The contamination level and ecological risk of examined metals and metalloid in sediments of the Dzierżno Duże Reservoir were also assessing using multi-element indices, i.e., Degree of Contamination and Risk Index (Hakanson 1980). The above indices were used to estimate the overall level of contamination and ecological risk at a given sampling site. The obtained results indicate, that the highest contamination of bottom sediments occurred at sampling site S6 (depth = 17 m), while the lowest at S2 (depth = 0.8 m). The values of DC were extremely high and ranged from 68.8 to 206.8. The above observations were also confirmed by RI values, which was in the range of 1332.0 (S2)–4487.6 (S6). The obtained results indicate that bottom sediments at each sampling sites were found to be highly contaminated with potentially toxic elements, which may cause a high risk to aquatic ecosystem and living organisms. It was revealed that Cd, As, Zn, and Pb pose the greatest threat to the environment, which was consistent with the results obtained using single-element indices.
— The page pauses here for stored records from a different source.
(* Let $\epsilon \in (0,1)$ and $s, k, T \in \mathbb{N}$. Let $\mathcal{W}$ be any distribution on $\{0,1\}^T$ satisfying the $\epsilon$-martingale condition, and let $\mathcal{B}_\epsilon$ be the distribution on $\{0,1\}^T$ of independent bits each equal to $1$ with probability $(1-\epsilon)/2$. Then \[ \mathbf{S}^{s,k}[\mathcal{W}] \le \mathbf{S}^{s,k}[\mathcal{B}_\epsilon] \le \exp\bigl(-\Omega(\epsilon^3(1-O(\epsilon))k)\bigr), \] where the asymptotic notation hides constants that do not depend on $\epsilon$ or $k$.
   Context: Characteristic strings and forks. A characteristic string is $w=w_1\dots w_n\in\{0,1\}^n$; index $i$ is honest if $w_i=0$ and adversarial if $w_i=1$. A fork for $w$ is a rooted tree $F=(V,E)$ with edges directed away from the root $r$, together with a labeling $\ell:V\to\{0,1,\dots,n\}$, such that (F1) $\ell(r)=0$; (F2) labels strictly increase along every directed path; (F3) every honest index $i$ is the label of exactly one vertex; (F4) if $i<j$ are honest indices then the vertex labeled $i$ has strictly smaller depth than the vertex labeled $j$. Write $F\vdash w$. A tine is a directed path starting at the root (not necessarily ending at a leaf); its length is its number of edges. For strings $x$ a prefix of $w$ and forks $F\vdash x$, $F'\vdash w$, write $F\sqsubseteq F'$ if $F$ is a subgraph of $F'$ with identical labels. Settlement. For $w\in\{0,1\}^n$ and a fork $F\vdash w_1\dots w_t$ with $s+k\le t\le n$, slot $s$ is not $k$-settled in $F$ if $F$ contains two tines of maximum length which either contain different vertices labeled $s$, or one contains a vertex labeled $s$ and the other does not; otherwise slot $s$ is $k$-settled in $F$. Settlement game. For a distribution $\mathcal{D}$ on $\{0,1\}^T$, the $(\mathcal{D},T;s,k)$-settlement game between an adversary $\mathcal{A}$ and a deterministic challenger: (1) $w\in\{0,1\}^T$ is drawn from $\mathcal{D}$ and given to $\mathcal{A}$; (2) $A_0$ is the fork for the empty string consisting of a single root vertex; (3) for $t=1,\dots,T$ in order: (a) if $w_t=0$, the challenger forms $F_t\vdash w_1\dots w_t$ by adding one vertex labeled $t$ to the end of a longest path of $A_{t-1}$ (ties broken by $\mathcal{A}$); (b) if $w_t=1$, $\mathcal{A}$ chooses an arbitrary fork $F_t\vdash w_1\dots w_t$ with $A_{t-1}\sqsubseteq F_t$; (c) $\mathcal{A}$ chooses an arbitrary fork $A_t\vdash w_1\dots w_t$ with $F_t\sqsubseteq A_t$. $\mathcal{A}$ wins if slot $s$ is not $k$-settled in some $A_t$ with $t\ge s+k$. The $(s,k)$-settlement insecurity is $\mathbf{S}^{s,k}[\mathcal{D}]=\max_{\mathcal{A}}\Pr[\mathcal{A}\text{ wins}]$. A random variable $W=(W_1,\dots,W_n)\in\{0,1\}^n$ (or its distribution) satisfies the $\epsilon$-martingale condition if for every $t$, $\Pr[W_t=1\mid W_1,\dots,W_{t-1}]\le(1-\epsilon)/2$ (for arbitrary conditioning values). *)

theory Defs
  imports "HOL-Probability.Probability_Mass_Function"
begin

text \<open>Characteristic strings are bool lists; index i (1-based) is w ! (i - 1);
  True = adversarial (bit 1), False = honest (bit 0).\<close>

definition honest :: "bool list \<Rightarrow> nat \<Rightarrow> bool" where
  "honest w i \<longleftrightarrow> 1 \<le> i \<and> i \<le> length w \<and> \<not> w ! (i - 1)"

record fork =
  verts :: "nat set"
  edges :: "(nat \<times> nat) set"
  root :: nat
  lab :: "nat \<Rightarrow> nat"

definition depth :: "fork \<Rightarrow> nat \<Rightarrow> nat" where
  "depth F v = (LEAST m. (root F, v) \<in> edges F ^^ m)"
lemma pcong_shifted_fraction:
  assumes "\<not> int p dvd a" "\<not> int p dvd b"
  shows "pcong p (of_int (a + int p * c) / of_int (b + int p * c))
    (of_int a / of_int b * (1 + of_nat p * (of_int c * (1 / of_int a - 1 / of_int b)))) ((of_nat p)^2)"
proof -
  have b': "\<not> int p dvd b + int p * c"
    using assms(2) by (simp add: dvd_add_left_iff)
  then have "(of_int b + of_nat p * of_int c :: rat) \<noteq> 0"
    by (metis dvd_0_right of_int_0_eq_iff of_int_add of_int_mult of_int_of_nat_eq)
  moreover have "(of_int a :: rat) \<noteq> 0" "(of_int b :: rat) \<noteq> 0"
    using assms by auto
  ultimately have eq: "of_int (a + int p * c) / of_int (b + int p * c) =
      of_int a / of_int b * (1 + of_nat p * (of_int c * (1 / of_int a - 1 / of_int b))) +
      (of_nat p)^2 * (of_int (c^2 * (a - b)) / of_int (b^2 * (b + int p * c)) :: rat)"
    using shifted_fraction_expansion[of "of_int a :: rat" "of_int b" "of_nat p" "of_int c"] by simp
  have "\<not> int p dvd b^2 * (b + int p * c)"
    using not_dvd_mult[OF not_dvd_mult[OF assms(2,2)] b'] by (simp add: power2_eq_square)
  moreover have "p_integral p (1 / of_int a)" "p_integral p (1 / of_int b)"
    using p_integral_of_int_divide[of p _ 1] assms by simp_all
  ultimately show ?thesis
    using assms
    by (intro pcongI[OF _ _ _ eq] p_integral_mult p_integral_add p_integral_diff p_integral_of_int_divide) auto
qed

lemma p_integral_alternating_sum:
  assumes "n < p"
  shows "p_integral p (\<Sum>j = 1..n. (-1) ^ (j - 1) / of_nat j)"
proof (rule p_integral_sum)
  fix j assume "j \<in> {1..n}"
  then have "\<not> int p dvd int j"
    using assms by (auto dest: dvd_imp_le)
  then show "p_integral p ((-1) ^ (j - 1) / of_nat j)"
    using p_integral_of_int_divide[of p "int j" "(-1) ^ (j - 1)"] by simp
qed

lemma central_binomial_cong: "[(2 * p) choose p = 2] (mod p^2)"
proof -
  obtain n where n: "p = Suc n" using prime by (cases p) auto
  have "(2 * p) choose p = (\<Sum>k\<le>p. (p choose k)^2)"
    by (rule choose_square_sum[symmetric])
  also have "\<dots> = (\<Sum>k<n. (p choose Suc k)^2) + 2"
    unfolding n sum.atMost_Suc_shift by (simp add: lessThan_Suc_atMost[symmetric] n)
  finally have eq: "(2 * p) choose p = (\<Sum>k<n. (p choose Suc k)^2) + 2" .
  have "p^2 dvd (\<Sum>k<n. (p choose Suc k)^2)"
    using prime n by (intro dvd_sum dvd_power_same dvd_choose_prime) auto
  then show ?thesis
    unfolding eq by (subst cong_altdef_nat) auto
qed

context
  assumes odd: "odd p"
begin

lemma not_dvd_two: "\<not> int p dvd 2"
proof
  assume "int p dvd 2"
  then have "p dvd 2"
    by (metis of_nat_dvd_iff of_nat_numeral)
  then have "p \<le> 2"
    by (rule dvd_imp_le) simp
  then show False
    using odd prime_ge_2_nat[OF prime] by simp
qed

lemma not_dvd_four_power: "\<not> int p dvd 4 ^ n"
  using not_dvd_two prime_int
  by (metis mult_2 numeral_Bit0 prime_dvd_mult_iff prime_dvd_power)

lemma not_dvd_double: "0 < j \<Longrightarrow> j < int p \<Longrightarrow> \<not> int p dvd 2 * j"
  using not_dvd_two prime_int by (auto simp: prime_dvd_mult_iff zdvd_not_zless)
Moreover, high contamination and risk levels suggest that toxic elements in sediments of the Dzierżno Duże Reservoir are most probably of anthropogenic sources. It is most likely related to the location of the reservoir. The middle part of the Kłodnica River valley is one of the most polluted rivers in Silesian Region. However, in this case a more detailed statistical analysis is needed. The similar experiment was made by Baran et al. (2016) who found that bottom sediments from other anthropogenic reservoir (Rybnik Reservoir, Southern Poland) were considerably to highly contaminated by Zn, Cd, Pb, Ni, Cu, Cr, and Hg (DC; 14.2–358.0). Whereas, in contradiction to our results, Szydłowsk et al. (2017) showed that: Cd, Co, Cr, Cu, Ni, Pb, Zn, and Hg in sediments of the Żelisławiec Reservoir (Zachodniopomorskie Voivodeship, Northwestern Poland), cause only moderate risk to the aquatic ecosystem (RI 164.1). However, it must be emphasized, that the above reservoir is situated in a totally different geographical region of Poland, than the studied one, and characterized with low degree of urbanization and industrialization.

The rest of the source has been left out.